BDO Investor Relations Group Senior Vice-President Dante Tinga, Jr. said in a statement on Wednesday that he is optimistic about the economic outlook despite global headwinds.

“The young, fast-growing population underpins its economic resilience. With half of its citizens aged 25 or younger and an annual population growth rate of 1.6%, domestic consumption has remained strong,” he said.

Household spending has surpassed pre-pandemic levels due to the recovery of overseas labor employment, leading to a stable flow of remittances.

“These inflows continue to strengthen the purchasing power of families, driving consumption-led growth,” BDO said.

Household consumption rose 5.1% in the third quarter, improving from 4.7% in the second quarter.

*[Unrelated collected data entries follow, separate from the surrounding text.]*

lemma sort_pair_three:
  fixes a b c :: nat
  assumes "a < b" "b < c"
  shows "sort_pair {a, b} {c} = ({a, c}, {b})" "sort_pair {b, c} {a} = ({a, c}, {b})"
proof -
  have merge: "sorted_merge {a, b} {c} = [a, b, c]" "sorted_merge {b, c} {a} = [a, b, c]"
    using assms unfolding sorted_merge_def by simp_all
  have positions: "{k. k < length [a, b, c] \<and> even k} = {0, 2}"
    "{k. k < length [a, b, c] \<and> odd k} = {1}"
    by (auto simp: less_Suc_eq numeral_2_eq_2)
  show "sort_pair {a, b} {c} = ({a, c}, {b})" "sort_pair {b, c} {a} = ({a, c}, {b})"
    unfolding sort_pair_sorted_merge merge nth_Setcompr_eq_image positions by simp_all
qed

lemma independence_complex_memD:
  assumes "F \<in> independence_complex V E"
  shows "F \<subseteq> V" "x \<in> F \<Longrightarrow> y \<in> F \<Longrightarrow> \<not> E x y"
  using assms unfolding independence_complex_def by auto

lemma sorted_merge_skip_not_adjacent:
  fixes R :: "nat \<Rightarrow> nat \<Rightarrow> bool"
  assumes F: "F \<in> independence_complex W R" and G: "G \<in> independence_complex W R"
    and fin: "finite F" "finite G" and umb: "umbrella_ordering W R id"
    and k: "k + 2 < length (sorted_merge F G)"
  shows "\<not> R (sorted_merge F G ! k) (sorted_merge F G ! (k + 2))"
proof
  \<comment> \<open>An element of \<open>F \<inter> G\<close> is adjacent to nothing in \<open>F \<union> G\<close>, so the adjacent entries at
    positions \<open>k\<close> and \<open>k + 2\<close> occur only once. Hence the entries at \<open>k, k + 1, k + 2\<close> are distinct,
    the umbrella property makes them a triangle, and two of them come from the same face.\<close>
  define xs where "xs = sorted_merge F G"
  define x y z where "x = xs ! k" and "y = xs ! Suc k" and "z = xs ! Suc (Suc k)"
  assume "R (sorted_merge F G ! k) (sorted_merge F G ! (k + 2))"
  then have Rxz: "R x z"
    by (simp add: x_def z_def xs_def)
  have k': "k < length xs" "Suc k < length xs" "Suc (Suc k) < length xs"
    using k unfolding xs_def by simp_all
  have mem: "x \<in> F \<union> G" "y \<in> F \<union> G" "z \<in> F \<union> G"
    using k' nth_mem set_sorted_merge[OF fin] unfolding x_def y_def z_def xs_def by metis+
  have indepF: "\<not> R u v" if "u \<in> F" "v \<in> F" for u v
    using independence_complex_memD(2)[OF F that] .
  have indepG: "\<not> R u v" if "u \<in> G" "v \<in> G" for u v
    using independence_complex_memD(2)[OF G that] .
  have simple: "count (mset xs) v < 2" if "v \<in> {x, z}" for v
  proof -
    have "v \<notin> F \<inter> G"
      using that Rxz mem indepF indepG by blast
    then show ?thesis
      using count_sorted_merge[OF fin, of v] unfolding xs_def by simp
  qed
  have "x \<noteq> y"
    using two_le_count_if_nth_Suc_eq[of k xs] simple[of x] k'(2) x_def y_def by fastforce
  moreover have "y \<noteq> z"
    using two_le_count_if_nth_Suc_eq[of "Suc k" xs] simple[of z] k'(3) y_def z_def by fastforce
  moreover have "x \<le> y" "y \<le> z"
    using sorted_sorted_merge k' unfolding x_def y_def z_def xs_def
    by (simp_all add: sorted_nth_mono)
  moreover have "F \<union> G \<subseteq> W"
    using independence_complex_memD(1) F G by blast
  ultimately have "x < y" "y < z" "x \<in> W" "y \<in> W" "z \<in> W"
    using mem by auto
  then have "R x y" "R y z"
    using umbrella_orderingD[OF umb, of x y z] Rxz by simp_all
  then show False
    using Rxz mem indepF indepG by (metis Un_iff)
qed

lemma sorted_merge_same_parity_not_adjacent:
  fixes R :: "nat \<Rightarrow> nat \<Rightarrow> bool"
  assumes F: "F \<in> independence_complex W R" and G: "G \<in> independence_complex W R"
    and fin: "finite F" "finite G" and umb: "umbrella_ordering W R id" and "symp R"
    and i: "i < length (sorted_merge F G)" and j: "j < length (sorted_merge F G)"
    and parity: "even i = even j"
  shows "\<not> R (sorted_merge F G ! i) (sorted_merge F G ! j)"
proof -
  define xs where "xs = sorted_merge F G"
  have mem: "xs ! i \<in> F \<union> G" if "i < length xs" for i
    using that set_sorted_merge[OF fin] nth_mem unfolding xs_def by blast
  have W: "F \<union> G \<subseteq> W"
    using independence_complex_memD(1) F G by blast
  have forward: "\<not> R (xs ! i) (xs ! (i + 2 * m))" if "i + 2 * m < length xs" for i m
    using that
  proof (induction m)
    case 0
    then show ?case
      using mem[of i] independence_complex_memD(2)[OF F] independence_complex_memD(2)[OF G]
      by auto
  next
    case (Suc m)
    have lengths: "i < length xs" "i + 2 * m < length xs" "i + 2 * m + 2 < length xs"
      using Suc.prems by simp_all
    then have W': "xs ! i \<in> W" "xs ! (i + 2 * m) \<in> W" "xs ! (i + 2 * m + 2) \<in> W"
      using mem W by blast+
    have sorted: "xs ! i \<le> xs ! (i + 2 * m)" "xs ! (i + 2 * m) \<le> xs ! (i + 2 * m + 2)"
      using lengths sorted_sorted_merge unfolding xs_def by (simp_all add: sorted_nth_mono)
    have skip: "\<not> R (xs ! (i + 2 * m)) (xs ! (i + 2 * m + 2))"
      using sorted_merge_skip_not_adjacent[OF F G fin umb] lengths(3) unfolding xs_def by simp
    have "\<not> R (xs ! i) (xs ! (i + 2 * m + 2))"
      using umbrella_ordering_not_adjacent_trans[OF umb inj_on_id W', unfolded id_apply,
          OF sorted Suc.IH[OF lengths(2)] skip] .
    then show ?case
      by (simp add: add.assoc)
  qed
  have even_gap: "\<exists>m. q = p + 2 * m" if "p \<le> q" "even p = even q" for p q :: nat
  proof -
    obtain d where "q = p + d"
      using \<open>p \<le> q\<close> le_iff_add by blast
    moreover from this have "even d"
      using \<open>even p = even q\<close> by (cases "even p") simp_all
    ultimately show ?thesis
      by (auto elim: evenE)
  qed
  show ?thesis
  proof (cases "i \<le> j")
    case True
    then obtain m where j_eq: "j = i + 2 * m"
      using even_gap parity by blast
    have "i + 2 * m < length xs"
      using j unfolding j_eq xs_def .
    from forward[OF this] show ?thesis
      unfolding j_eq xs_def .
  next
    case False
    then obtain m where i_eq: "i = j + 2 * m"
      using even_gap[of j i] parity by auto
    have "j + 2 * m < length xs"
      using i unfolding i_eq xs_def .
    from forward[OF this] show ?thesis
      unfolding i_eq xs_def using \<open>symp R\<close> by (blast dest: sympD)
  qed
qed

Consumption accounts for over 70% of the economy.

BDO also sees economic growth bolstered by the easing cycle of central banks, including the Bangko Sentral ng Pilipinas (BSP).

With inflation settling within the central bank’s 2-4% target range, BDO sees the Monetary Board continuing to cut borrowing costs cautiously.

Headline inflation picked up to 2.9% in December from 2.5% in November due to higher utility and transport costs, still below the year-earlier 3.9% and within the central bank’s 2.3%-3.1% forecast.

As a result, full-year 2024 inflation averaged 3.2%, slowing from 6% in 2023 and marking the first time since 2021 that the consumer price index settled within the BSP’s 2-4% annual target. This also matched the central bank’s baseline forecast for the year.

“Stabilized rice prices, supported by government measures such as reduced import tariffs, have contributed to price stability. As a result, the BSP is expected to lower interest rates cautiously, creating a favorable environment for business investments and improved consumer confidence,” he said.

The Monetary Board has slashed benchmark borrowing costs by a total of 75 basis points (bps) since it began its easing cycle in August, bringing its policy rate to 5.75%.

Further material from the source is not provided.